lemma fractional_energy_eq_near_plus_far:
  fixes u :: "'a::euclidean_space \<Rightarrow> real"
  assumes [measurable]: "u \<in> borel_measurable borel"
  shows "(\<integral>\<^sup>+(x, z). ennreal ((u x - u z)\<^sup>2 / dist x z powr a) \<partial>(lborel \<Otimes>\<^sub>M lborel))
    = near_energy r a u + far_energy r a u"
proof -
  have "(\<integral>\<^sup>+(x, z). ennreal ((u x - u z)\<^sup>2 / dist x z powr a) \<partial>(lborel \<Otimes>\<^sub>M lborel))
    = (\<integral>\<^sup>+p. (\<lambda>(x, z). ennreal (if dist x z < r then (u x - u z)\<^sup>2 / dist x z powr a else 0)) p
        + (\<lambda>(x, z). ennreal (if r \<le> dist x z then (u x - u z)\<^sup>2 / dist x z powr a else 0)) p
      \<partial>(lborel \<Otimes>\<^sub>M lborel))"
    by (intro nn_integral_cong) auto
  also have "\<dots> = near_energy r a u + far_energy r a u"
    unfolding near_energy_def far_energy_def by (rule nn_integral_add) measurable
  finally show ?thesis .
qed

lemma far_energy_le_tail:
  fixes u :: "'a::euclidean_space \<Rightarrow> real"
  assumes [measurable]: "u \<in> borel_measurable borel"
  shows "far_energy r a u
    \<le> 4 * (\<integral>\<^sup>+w. ennreal (if r \<le> norm w then norm w powr -a else 0) \<partial>(lborel::'a measure))
        * (\<integral>\<^sup>+x. ennreal ((u x)\<^sup>2) \<partial>lborel)"
proof -
  define t where "t d = ennreal (if r \<le> d then d powr -a else 0)" for d
  have [measurable]: "t \<in> borel_measurable borel"
    unfolding t_def by measurable
  have pointwise: "ennreal (if r \<le> dist x z then (u x - u z)\<^sup>2 / dist x z powr a else 0)
      \<le> 2 * (ennreal ((u x)\<^sup>2) * t (dist x z)) + 2 * (ennreal ((u z)\<^sup>2) * t (dist x z))" for x z
  proof (cases "r \<le> dist x z")
    case True
    have "(u x - u z)\<^sup>2 \<le> 2 * (u x)\<^sup>2 + 2 * (u z)\<^sup>2"
      using zero_le_power2[of "u x + u z"] unfolding power2_diff power2_sum by linarith
    then have "(u x - u z)\<^sup>2 / dist x z powr a \<le> (2 * (u x)\<^sup>2 + 2 * (u z)\<^sup>2) / dist x z powr a"
      by (rule divide_right_mono) simp
    also have "\<dots> = 2 * ((u x)\<^sup>2 * dist x z powr -a) + 2 * ((u z)\<^sup>2 * dist x z powr -a)"
      by (simp add: powr_minus divide_inverse algebra_simps)
    finally have "ennreal ((u x - u z)\<^sup>2 / dist x z powr a)
        \<le> ennreal (2 * ((u x)\<^sup>2 * dist x z powr -a) + 2 * ((u z)\<^sup>2 * dist x z powr -a))"
      by (rule ennreal_leI)
    then show ?thesis
      using True by (simp add: t_def ennreal_mult)
  qed simp
  define A1 where "A1 = (\<lambda>(x, z). ennreal ((u x)\<^sup>2) * t (dist x z))"
  define A2 where "A2 = (\<lambda>(x, z). ennreal ((u z)\<^sup>2) * t (dist x z))"
  have [measurable]: "A1 \<in> borel_measurable (lborel \<Otimes>\<^sub>M lborel)" "A2 \<in> borel_measurable (lborel \<Otimes>\<^sub>M lborel)"
    unfolding A1_def A2_def by measurable
  have "far_energy r a u \<le> (\<integral>\<^sup>+p. 2 * A1 p + 2 * A2 p \<partial>(lborel \<Otimes>\<^sub>M lborel))"
    unfolding far_energy_def by (intro nn_integral_mono) (clarsimp simp: pointwise A1_def A2_def)
  also have "\<dots> = 2 * integral\<^sup>N (lborel \<Otimes>\<^sub>M lborel) A1 + 2 * integral\<^sup>N (lborel \<Otimes>\<^sub>M lborel) A2"
    by (simp add: nn_integral_add nn_integral_cmult)
  also have "\<dots> = 4 * (\<integral>\<^sup>+w. t (norm w) \<partial>(lborel::'a measure)) * (\<integral>\<^sup>+x. ennreal ((u x)\<^sup>2) \<partial>lborel)"
  proof -
    have "(\<lambda>x. ennreal ((u x)\<^sup>2)) \<in> borel_measurable borel"
      by measurable
    note kernel = nn_integral_dist_kernel[OF this \<open>t \<in> borel_measurable borel\<close>]
    show ?thesis
      unfolding A1_def A2_def kernel by (simp add: mult.assoc flip: distrib_right)
  qed
  finally show ?thesis
    by (simp add: t_def)
qed

lemma near_energy_le_kernel_energy:
  fixes u :: "'a::euclidean_space \<Rightarrow> real" and K :: "'a \<Rightarrow> 'a \<Rightarrow> ennreal"
  assumes [measurable]: "u \<in> borel_measurable borel"
    "(\<lambda>(x, z). K x z) \<in> borel_measurable (lborel \<Otimes>\<^sub>M lborel)"
    and "0 < c"
    and K_lower: "\<And>x z. x \<noteq> z \<Longrightarrow> dist x z < r \<Longrightarrow> ennreal (c / dist x z powr a) \<le> K x z"
  shows "near_energy r a u
    \<le> ennreal (1 / c) * (\<integral>\<^sup>+(x, z). ennreal ((u x - u z)\<^sup>2) * K x z \<partial>(lborel \<Otimes>\<^sub>M lborel))"
proof -
  have pointwise: "ennreal (if dist x z < r then (u x - u z)\<^sup>2 / dist x z powr a else 0)
      \<le> ennreal (1 / c) * (ennreal ((u x - u z)\<^sup>2) * K x z)" for x z
  proof (cases "dist x z < r \<and> x \<noteq> z")
    case True
    have "ennreal ((u x - u z)\<^sup>2 / dist x z powr a)
        = ennreal (1 / c * ((u x - u z)\<^sup>2 * (c / dist x z powr a)))"
      using \<open>0 < c\<close> by simp
    also have "\<dots> = ennreal (1 / c) * (ennreal ((u x - u z)\<^sup>2) * ennreal (c / dist x z powr a))"
      using \<open>0 < c\<close> by (simp only: ennreal_mult' zero_le_power2 zero_le_divide_1_iff less_imp_le)
    also have "\<dots> \<le> ennreal (1 / c) * (ennreal ((u x - u z)\<^sup>2) * K x z)"
      using True by (intro mult_left_mono K_lower) auto
    finally show ?thesis
      using True by simp
  qed auto
  have "(\<lambda>(x, z). ennreal ((u x - u z)\<^sup>2) * K x z) \<in> borel_measurable (lborel \<Otimes>\<^sub>M lborel)"
    by measurable
  then show ?thesis
    unfolding near_energy_def
    by (subst nn_integral_cmult[symmetric]) (auto intro!: nn_integral_mono simp: pointwise)
qed
(* Let $n\ge 2$ and $D$ be positive integers, let $\Gamma$ be a finite alphabet, and let $B\in\Gamma^*$ have length $2\le|B|\le n$. Let $H:\Gamma^2\to\{0,1\}$ be chosen at random as a $(D,5\log_2 n)$-iterated pair-wise independent function, and let $(B_0,B_1,\dots,B_s)=\mathrm{Split}_H(B)$. Then with probability at least $1-1/n^3$, for all $j\in\{0,\dots,s\}$, $|\mathrm{Dict}(B_j)|\le 5D\log_2 n$.
   Context: For a string $z=z_1\cdots z_m$, $z[i,j]=z_i\cdots z_j$, $z[i,j)=z[i,j-1]$, and $\mathrm{Dict}(z)=\{z[i,i+1]: 1\le i\le m-1\}$ is the set of pairs of consecutive symbols occurring in $z$. $\mathrm{Split}_H(B)$: let $i_1<\dots<i_s$ be all $i\in\{2,\dots,|B|-1\}$ with $H(B[i,i+1])=0$ ($s=0$ if none), let $i_0=1$, $i_{s+1}=|B|+1$, and output $B_j=B[i_j,i_{j+1})$ for $j=0,\dots,s$. A $(D,\ell)$-iterated pair-wise independent function $H:\Gamma^2\to\{0,1\}$ is obtained by choosing independently $h_1,\dots,h_\ell:\Gamma^2\to\{0,\dots,\ell D-1\}$, each uniformly from a pair-wise independent hash family (for $u\ne u'$, $\Pr[h(u)=v\wedge h(u')=v']=1/|V|^2$), and setting $H(ab)=0$ iff $\prod_i h_i(ab)=0$. The quantity $5\log_2 n$ is treated as an integer. *)

theory Defs
  imports "HOL-Probability.Probability"
begin

text \<open>Strings are lists; positions are 1-based as in the paper:
  the i-th symbol of z is z ! (i - 1).\<close>

definition substr :: "'a list \<Rightarrow> nat \<Rightarrow> nat \<Rightarrow> 'a list" where
  "substr z i j = take (j - i) (drop (i - 1) z)"

definition Dict :: "'a list \<Rightarrow> ('a \<times> 'a) set" where
  "Dict z = {(z ! (i - 1), z ! i) | i. 1 \<le> i \<and> i \<le> length z - 1}"

definition split_positions :: "('a \<times> 'a \<Rightarrow> nat) \<Rightarrow> 'a list \<Rightarrow> nat list" where
  "split_positions H B =
     sorted_list_of_set {i. 2 \<le> i \<and> i \<le> length B - 1 \<and> H (B ! (i - 1), B ! i) = 0}"

definition Split :: "('a \<times> 'a \<Rightarrow> nat) \<Rightarrow> 'a list \<Rightarrow> 'a list list" where
  "Split H B =
     (let ps = 1 # split_positions H B @ [length B + 1]
      in map (\<lambda>j. substr B (ps ! j) (ps ! (j + 1))) [0..<length ps - 1])"

definition pairwise_indep_family :: "('u \<Rightarrow> 'v) set \<Rightarrow> 'v set \<Rightarrow> bool" where
  "pairwise_indep_family F V \<longleftrightarrow>
     finite F \<and> F \<noteq> {} \<and> finite V \<and> (\<forall>h\<in>F. \<forall>u. h u \<in> V) \<and>
     (\<forall>u u' v v'. u \<noteq> u' \<longrightarrow> v \<in> V \<longrightarrow> v' \<in> V \<longrightarrow>
        measure_pmf.prob (pmf_of_set F) {h. h u = v \<and> h u' = v'} = 1 / (real (card V))^2)"

definition iter_hash_pmf :: "nat \<Rightarrow> ('u \<Rightarrow> 'v) set \<Rightarrow> (nat \<Rightarrow> ('u \<Rightarrow> 'v)) pmf" where
  "iter_hash_pmf l F = Pi_pmf {..<l} undefined (\<lambda>_. pmf_of_set F)"

definition iterH :: "nat \<Rightarrow> (nat \<Rightarrow> ('u \<Rightarrow> nat)) \<Rightarrow> 'u \<Rightarrow> nat" where
  "iterH l hs = (\<lambda>x. if (\<Prod>i<l. hs i x) = 0 then 0 else 1)"

definition five_log :: "nat \<Rightarrow> nat" where
  "five_log n = nat \<lfloor>5 * log 2 (real n)\<rfloor>"

end

theory Submission
  imports Defs
begin

text \<open>
  Let L = five_log n and V = L D. If a piece of Split_H(B) has more than V distinct pairs, then the
  pairs of B that follow its first position and lie inside it include at least V distinct ones, and
  none of them is a cut, i.e. H does not vanish on any of them. Hence for some start position a, the
  shortest window of pairs of B starting at a that has at least V distinct pairs (a set fixed in
  advance) avoids the zeros of all L independent hash functions. A second-moment argument shows
  that a single pairwise independent h with values in {0..<V} avoids 0 on V given inputs with
  probability at most 1/2, so the window survives with probability at most 2^(-L). A union bound
  over the at most n start positions, together with 2^L \<ge> n^5/2, finishes the proof.
\<close>

lemma pairwise_indep_family_card_pair:
  assumes pf: "pairwise_indep_family F {0..<V}" and "u \<noteq> u'" "v < V" "v' < V"
  shows "real (card {h\<in>F. h u = v \<and> h u' = v'}) = real (card F) / (real V)\<^sup>2"
proof -
  have "finite F" "F \<noteq> {}"
    and "measure_pmf.prob (pmf_of_set F) {h. h u = v \<and> h u' = v'} = 1 / (real V)\<^sup>2"
    using pf assms(2-4) by (auto simp: pairwise_indep_family_def)
  then show ?thesis
    by (simp add: measure_pmf_of_set Int_def field_simps)
qed

lemma pairwise_indep_family_card_single:
  assumes pf: "pairwise_indep_family F {0..<V}" and "u \<noteq> u'" "v < V"
  shows "real (card {h\<in>F. h u = v}) = real (card F) / real V"
proof -
  have "finite F" and "\<And>h. h \<in> F \<Longrightarrow> h u' < V"
    using pf by (auto simp: pairwise_indep_family_def)
  then have "card {h\<in>F. h u = v} = (\<Sum>v'<V. card {h\<in>F. h u = v \<and> h u' = v'})"
    by (subst card_UN_disjoint[symmetric]) (auto intro!: arg_cong[where f = card])
  also have "real \<dots> = (\<Sum>v'<V. real (card F) / (real V)\<^sup>2)"
    using pairwise_indep_family_card_pair[OF pf \<open>u \<noteq> u'\<close> \<open>v < V\<close>] by simp
  finally show ?thesis
    by (simp add: power2_eq_square)
qed

lemma card_eq_0_mult_square_le_sum:
  fixes X :: "'b \<Rightarrow> real"
  assumes "finite F"
  shows "real (card {h\<in>F. X h = 0}) * t\<^sup>2 \<le> (\<Sum>h\<in>F. (X h - t)\<^sup>2)"
proof -
  have "real (card {h\<in>F. X h = 0}) * t\<^sup>2 = (\<Sum>h\<in>F. of_bool (X h = 0) * (X h - t)\<^sup>2)"
    using assms by (simp add: sum.If_cases Int_def)
  also have "\<dots> \<le> (\<Sum>h\<in>F. (X h - t)\<^sup>2)"
    by (intro sum_mono) auto
  finally show ?thesis .
qed

definition num_zeros :: "'u set \<Rightarrow> ('u \<Rightarrow> nat) \<Rightarrow> real" where
  "num_zeros S h = (\<Sum>u\<in>S. of_bool (h u = 0))"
────────────────
§ **Task details**:
Tally the lines above that include "imports"; give only the tally.

§ **Solved problem**:
2